Pull every line containing the word "notin" out of the material below.
[Material for this exercise Boundary: Start]
lemma AE_eq_0_if_nonneg_integral_nonpos:
  fixes f :: "real \<Rightarrow> real"
  assumes "set_integrable lborel {a..b} f" "\<And>t. t \<in> {a..b} \<Longrightarrow> 0 \<le> f t"
    and "integral {a..b} f \<le> 0"
  shows "AE t in lborel. t \<in> {a..b} \<longrightarrow> f t = 0"
proof -
  let ?g = "\<lambda>t. indicator {a..b} t *\<^sub>R f t"
  have nonneg: "AE t in lborel. 0 \<le> ?g t"
    using assms(2) by (intro AE_I2) (simp add: indicator_def)
  have "integral\<^sup>L lborel ?g = integral {a..b} f"
    using set_borel_integral_eq_integral(2)[OF assms(1)] by (simp add: set_lebesgue_integral_def)
  then have "integral\<^sup>L lborel ?g = 0"
    using assms(3) integral_nonneg_AE[OF nonneg] by linarith
  then have "AE t in lborel. ?g t = 0"
    using integral_nonneg_eq_0_iff_AE[OF assms(1)[unfolded set_integrable_def] nonneg] by simp
  then show ?thesis
    by eventually_elim (simp add: indicator_def)
qed
(* Let $X\in\mathbf{R}$, $Y>0$, and let $f\colon(X,X+Y]\to\mathbf{R}$ be a real function. Let $d,H_1,\dots,H_d$ be natural numbers with $H_1+\cdots+H_d\le Y$. Then \[ \Bigl|\frac{1}{Y}\sum_{X<n\le X+Y}e(f(n))\Bigr|\le B\max\bigl(H_1^{-1/2},H_2^{-1/4},\dots,H_d^{-1/2^d},\,B^{-1/2^d}T_d^{1/2^d}\bigr), \] where $B=2+2\sqrt2$ and \[ T_d=\frac{1}{YH_1\cdots H_d}\sum_{\mathbf a}\Bigl|\sum_{n\in I(\mathbf a)}e(f_{\mathbf a}(n))\Bigr|, \] the outer sum running over all integer vectors $\mathbf a=(a_1,\dots,a_d)$ with $1\le a_r\le H_r-1$ for each $r$.
   Context: $e(x)=e^{2\pi i x}$; sums over $n$ are over integers. For real $a_1,\dots,a_h$ define inductively $f_{(a_1)}(x)=f(x+a_1)-f(x)$ and $f_{(a_1,\dots,a_h)}(x)=f_{(a_1,\dots,a_{h-1})}(x+a_h)-f_{(a_1,\dots,a_{h-1})}(x)$. For positive $a_j$, $f_{\mathbf a}$ is defined exactly on $I(\mathbf a)=(X,X+Y-\sum_j a_j]$ (possibly empty), and by convention $e(f_{\mathbf a}(x))=0$ when $f_{\mathbf a}(x)$ is undefined. *)

theory Defs
  imports Complex_Main "HOL-Library.FuncSet"
begin

definition e :: "real \<Rightarrow> complex" where
  "e x = exp (2 * of_real pi * \<i> * of_real x)"

text \<open>Iterated differences: fdiff f a h is f_(a_1,...,a_h), with the shift
  vector a indexed from 1.  f_() = f, f_(a_1..a_h)(x) = f_(a_1..a_(h-1))(x+a_h) - f_(a_1..a_(h-1))(x).\<close>
fun fdiff :: "(real \<Rightarrow> real) \<Rightarrow> (nat \<Rightarrow> int) \<Rightarrow> nat \<Rightarrow> real \<Rightarrow> real" where
  "fdiff f a 0 x = f x"
| "fdiff f a (Suc h) x = fdiff f a h (x + of_int (a (Suc h))) - fdiff f a h x"

definition Iset :: "real \<Rightarrow> real \<Rightarrow> nat \<Rightarrow> (nat \<Rightarrow> int) \<Rightarrow> int set" where
  "Iset X Y d a = {n::int. X < of_int n \<and> of_int n \<le> X + Y - of_int (\<Sum>j\<in>{1..d}. a j)}"

definition Bconst :: real where
  "Bconst = 2 + 2 * sqrt 2"

definition Td :: "(real \<Rightarrow> real) \<Rightarrow> real \<Rightarrow> real \<Rightarrow> nat \<Rightarrow> (nat \<Rightarrow> nat) \<Rightarrow> real" where
  "Td f X Y d H =
     (1 / (Y * (\<Prod>r\<in>{1..d}. real (H r)))) *
     (\<Sum>a\<in>Pi\<^sub>E {1..d} (\<lambda>r. {1..int (H r) - 1}).
        cmod (\<Sum>n\<in>Iset X Y d a. e (fdiff f a d (of_int n))))"

end

theory Submission
  imports Defs "HOL-Analysis.Complex_Transcendental"
begin

text \<open>
  Van der Corput's inequality: for an interval of length Y and 1 <= H <= Y,
  |sum_n e(g n)|^2 <= 4 Y^2/H + (4 Y/H) sum_{0<a<H} |sum_n e(g(n+a) - g n)|.
  It follows by writing H times the sum of the N terms as the sum of the N + H - 1 window
  sums sum_{h<H} z(m+h) and applying Cauchy-Schwarz.
  Let A_k be the sum of |sum_{n in I(a)} e(f_a(n))| over the shift vectors (a_1,...,a_k),
  divided by Y H_1...H_k, so that A_0 is the left-hand side and A_d = T_d.  Applying the
  inequality to each inner sum with H = H_(k+1) and averaging with Cauchy-Schwarz gives
  A_k^2 <= 4/H_(k+1) + 4 A_(k+1).  With M the maximum on the right-hand side we have
  1/H_r <= M^(2^r) and A_d <= B M^(2^d); since B^2 = 4 + 4B, the bound A_k <= B M^(2^k)
  propagates from k = d down to k = 0.
\<close>

lemma norm_sum_squared_le:
  fixes w :: "'a \<Rightarrow> complex"
  shows "(cmod (sum w M))\<^sup>2 \<le> real (card M) * (\<Sum>m\<in>M. (cmod (w m))\<^sup>2)"
proof -
  have "(cmod (sum w M))\<^sup>2 \<le> (\<Sum>m\<in>M. cmod (w m))\<^sup>2"
    by (simp add: norm_sum power_mono)
  also have "\<dots> \<le> (\<Sum>m\<in>M. (cmod (w m))\<^sup>2) * card M"
    by (rule sum_squared_le_sum_of_squares)
  finally show ?thesis by (simp add: mult.commute)
qed

lemma sum_greaterThanAtMost_int_shift:
  fixes g :: "int \<Rightarrow> 'a::comm_monoid_add"
  shows "(\<Sum>n\<in>{a<..b}. g (n + k)) = (\<Sum>n\<in>{a+k<..b+k}. g n)"
proof -
  have "(\<lambda>n. n + k) ` {a<..b} = {a+k<..b+k}"
    using image_add_greaterThanAtMost[of k a b] by (simp add: add.commute)
  then show ?thesis
    by (metis (no_types, lifting) add_right_imp_eq inj_on_def sum.reindex_cong)
qed

lemma sum_greaterThanAtMost_support:
  fixes g :: "int \<Rightarrow> 'a::comm_monoid_add"
  assumes "\<And>n. n \<notin> {L<..U} \<Longrightarrow> g n = 0" and "L' \<le> L" and "U \<le> U'"
  shows "(\<Sum>n\<in>{L'<..U'}. g n) = (\<Sum>n\<in>{L<..U}. g n)"
  using assms by (intro sum.mono_neutral_right) auto

lemma sum_pair_differences_le:
  fixes c :: "int \<Rightarrow> real"
  assumes "\<And>k. c k \<ge> 0"
  shows "(\<Sum>h<H. \<Sum>h'<H. c (int h - int h')) \<le> H * (\<Sum>k\<in>{-int H<..<int H}. c k)"
proof -
  have "(\<Sum>h<H. c (int h - int h')) \<le> (\<Sum>k\<in>{-int H<..<int H}. c k)" if "h' < H" for h'
  proof -
    have "(\<Sum>h<H. c (int h - int h')) = (\<Sum>k\<in>(\<lambda>h. int h - int h') ` {..<H}. c k)"
      by (subst sum.reindex) (auto simp: inj_on_def)
    also have "\<dots> \<le> (\<Sum>k\<in>{-int H<..<int H}. c k)"
      using that assms by (intro sum_mono2) auto
    finally show ?thesis .
  qed
  then have "(\<Sum>h'<H. \<Sum>h<H. c (int h - int h')) \<le> (\<Sum>h'<H. \<Sum>k\<in>{-int H<..<int H}. c k)"
    by (intro sum_mono) auto
  then show ?thesis by (subst sum.swap) simp
qed

lemma sum_symmetric_int_interval:
  fixes c :: "int \<Rightarrow> 'a::comm_semiring_1"
  assumes "\<And>k. c (- k) = c k" and "m \<ge> 1"
  shows "(\<Sum>k\<in>{-m<..<m}. c k) = c 0 + 2 * (\<Sum>k\<in>{1..m - 1}. c k)"
proof -
  have split: "{-m<..<m} = uminus ` {1..m - 1} \<union> ({0} \<union> {1..m - 1})"
    using assms(2) by (auto intro!: image_eqI[where x="- _"])
  have neg: "(\<Sum>k\<in>uminus ` {1..m - 1}. c k) = (\<Sum>k\<in>{1..m - 1}. c k)"
    by (subst sum.reindex) (auto simp: inj_on_def assms(1))
  have "(\<Sum>k\<in>{-m<..<m}. c k) = (\<Sum>k\<in>uminus ` {1..m - 1}. c k) + (\<Sum>k\<in>{0} \<union> {1..m - 1}. c k)"
    unfolding split by (rule sum.union_disjoint) auto
  also have "\<dots> = c 0 + 2 * (\<Sum>k\<in>{1..m - 1}. c k)"
    unfolding neg by (subst sum.union_disjoint) (auto simp: mult_2 algebra_simps)
  finally show ?thesis .
qed

section \<open>Van der Corput's inequality\<close>

definition correlation :: "(int \<Rightarrow> complex) \<Rightarrow> int \<Rightarrow> int \<Rightarrow> int \<Rightarrow> complex" where
  "correlation z L U k = (\<Sum>n\<in>{L<..U}. z (n + k) * cnj (z n))"

context
  fixes z :: "int \<Rightarrow> complex" and L U :: int
  assumes support: "\<And>n. n \<notin> {L<..U} \<Longrightarrow> z n = 0"
begin

lemma sum_windows:
  "(\<Sum>m\<in>{L - int H + 1<..U}. \<Sum>h<H. z (m + int h)) = of_nat H * (\<Sum>n\<in>{L<..U}. z n)"
proof -
  have "(\<Sum>m\<in>{L - int H + 1<..U}. z (m + int h)) = (\<Sum>n\<in>{L<..U}. z n)" if "h < H" for h
  proof -
    have "(\<Sum>m\<in>{L - int H + 1<..U}. z (m + int h)) = (\<Sum>n\<in>{L - int H + 1 + int h<..U + int h}. z n)"
      by (rule sum_greaterThanAtMost_int_shift)
    also have "\<dots> = (\<Sum>n\<in>{L<..U}. z n)"
      using that by (intro sum_greaterThanAtMost_support[OF support]) auto
    finally show ?thesis .
  qed
  then show ?thesis
    by (subst sum.swap) simp
qed

lemma sum_window_products:
  assumes "h' < H"
  shows "(\<Sum>m\<in>{L - int H + 1<..U}. z (m + int h) * cnj (z (m + int h'))) =
    correlation z L U (int h - int h')"
proof -
  define g where "g n = z (n + (int h - int h')) * cnj (z n)" for n
  have "(\<Sum>m\<in>{L - int H + 1<..U}. z (m + int h) * cnj (z (m + int h'))) =
      (\<Sum>m\<in>{L - int H + 1<..U}. g (m + int h'))"
    unfolding g_def by (simp add: algebra_simps)
  also have "\<dots> = (\<Sum>n\<in>{L - int H + 1 + int h'<..U + int h'}. g n)"
    by (rule sum_greaterThanAtMost_int_shift)
  also have "\<dots> = (\<Sum>n\<in>{L<..U}. g n)"
    using assms by (intro sum_greaterThanAtMost_support) (auto simp: g_def support)
  finally show ?thesis
    unfolding correlation_def g_def .
qed
(* Let $k\in\{1,\dots,n\}$ and let $R$ be a $k$-upper run of an $n$-DPDA. Then $R$ is $(k-1)$-upper if and only if $|\mathrm{top}^k(R(0))|\le|\mathrm{top}^k(R(i))|$ for every $i\in\{0,\dots,|R|\}$ such that $R[i,|R|]$ is $k$-upper.
   Context: Stacks: fix order $n\ge1$, finite stack alphabet $\Gamma$. A $0$-stack is $(\gamma,x)$ with $\gamma\in\Gamma$, $x=(x_n,\dots,x_1)$ a vector of $n$ positive integers (position). For $k\in\{1,\dots,n\}$ a $k$-stack is a finite list $[s_1,\dots,s_m]$ ($m\ge0$) of nonempty $(k-1)$-stacks such that for some $x_n,\dots,x_{k+1}$, every position in $s_i$ has the form $(x_n,\dots,x_{k+1},i,y_{k-1},\dots,y_1)$. The top is at the right; $|s^k|$ is the number of $(k-1)$-stacks in $s^k$; $s^k:s^{k-1}$ appends at the top (right-associative); for $s^r=t^r:t^{r-1}:\dots:t^k$, $\mathrm{top}^k(s^r)=t^k$. Equality of stacks includes positions. For $k<n$, $\mathsf p_{+1}(s^k)$ adds $1$ to the $(n-k)$-th coordinate of all positions. Operations of order $k\ge1$: $\mathsf{pop}^k(s^r:\dots:s^k:s^{k-1})=s^r:\dots:s^k$, defined only if the topmost $k$-stack has at least two $(k-1)$-stacks; $\mathsf{push}^k_\gamma(s^r:\dots:s^0)=s^r:\dots:s^{k+1}:(s^k:\dots:s^0):\mathsf p_{+1}(s^{k-1}:\dots:s^1:(\gamma,x))$ where $s^0=(\gamma',x)$. An $n$-DPDA has transitions determined by state and topmost stack symbol, each either $\mathrm{read}(\vec q)$ ($\vec q:A\to Q$ injective; leads to $(\vec q(a),s)$, reading $a$) or $(q,op)$ with $op$ a stack operation of order $\le n$ (leads to $(q,op(s))$ if defined). Configurations are (state, nonempty $n$-stack). A run is a finite sequence $R=c_0,\dots,c_m$ with each $c_i$ a successor of $c_{i-1}$; $R(i)=c_i$, $|R|=m$, $R[i,j]=c_i,\dots,c_j$. $\mathrm{top}^k(c)$ refers to the stack of $c$. History: for a run $R$ and a $0$-stack $s^0$ of $R(|R|)$, $\mathrm{hist}(R,s^0)$ is a $0$-stack of $R(0)$: if $|R|=0$ it is $s^0$; if $R=S\circ T$, $|T|=1$, and the last step is a read or a $\mathsf{pop}$, or a $\mathsf{push}^r_\gamma$ with $s^0$ not in the topmost $(r-1)$-stack of $R(|R|)$, it is $\mathrm{hist}(S,s^0)$; if the last step is $\mathsf{push}^r_\gamma$ and $s^0$ is in the topmost $(r-1)$-stack of $R(|R|)$, it is $\mathrm{hist}(S,t^0)$ with $t^0$ equal to $s^0$ with the $(n-r+1)$-th position coordinate decreased by $1$. For a $k$-stack $s^k$ of $R(|R|)$, $k\ge1$, $\mathrm{hist}(R,s^k)$ is the $k$-stack of $R(0)$ containing $\mathrm{hist}(R,s^0)$ for all $0$-stacks $s^0$ of $s^k$. For $k\in\{0,\dots,n\}$, $R$ is $k$-upper if $\mathrm{hist}(R,\mathrm{top}^k(R(|R|)))=\mathrm{top}^k(R(0))$. *)

theory Defs
  imports Main
begin

text \<open>A stack is represented as a tree; the position vector
(x_n,...,x_1) of a 0-stack inside an n-stack is exactly its path of (1-based)
indices from the outermost list, so positions are represented by such paths
(lists of length n, leftmost entry = x_n).\<close>

datatype 'g stk = Z 'g | L "'g stk list"

fun children :: "'g stk \<Rightarrow> 'g stk list" where
  "children (L xs) = xs"
| "children (Z _) = []"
[Material for this exercise Boundary: End]
◆ Reply to the exercise
  assumes "\<And>n. n \<notin> {L<..U} \<Longrightarrow> g n = 0" and "L' \<le> L" and "U \<le> U'"
  assumes support: "\<And>n. n \<notin> {L<..U} \<Longrightarrow> z n = 0"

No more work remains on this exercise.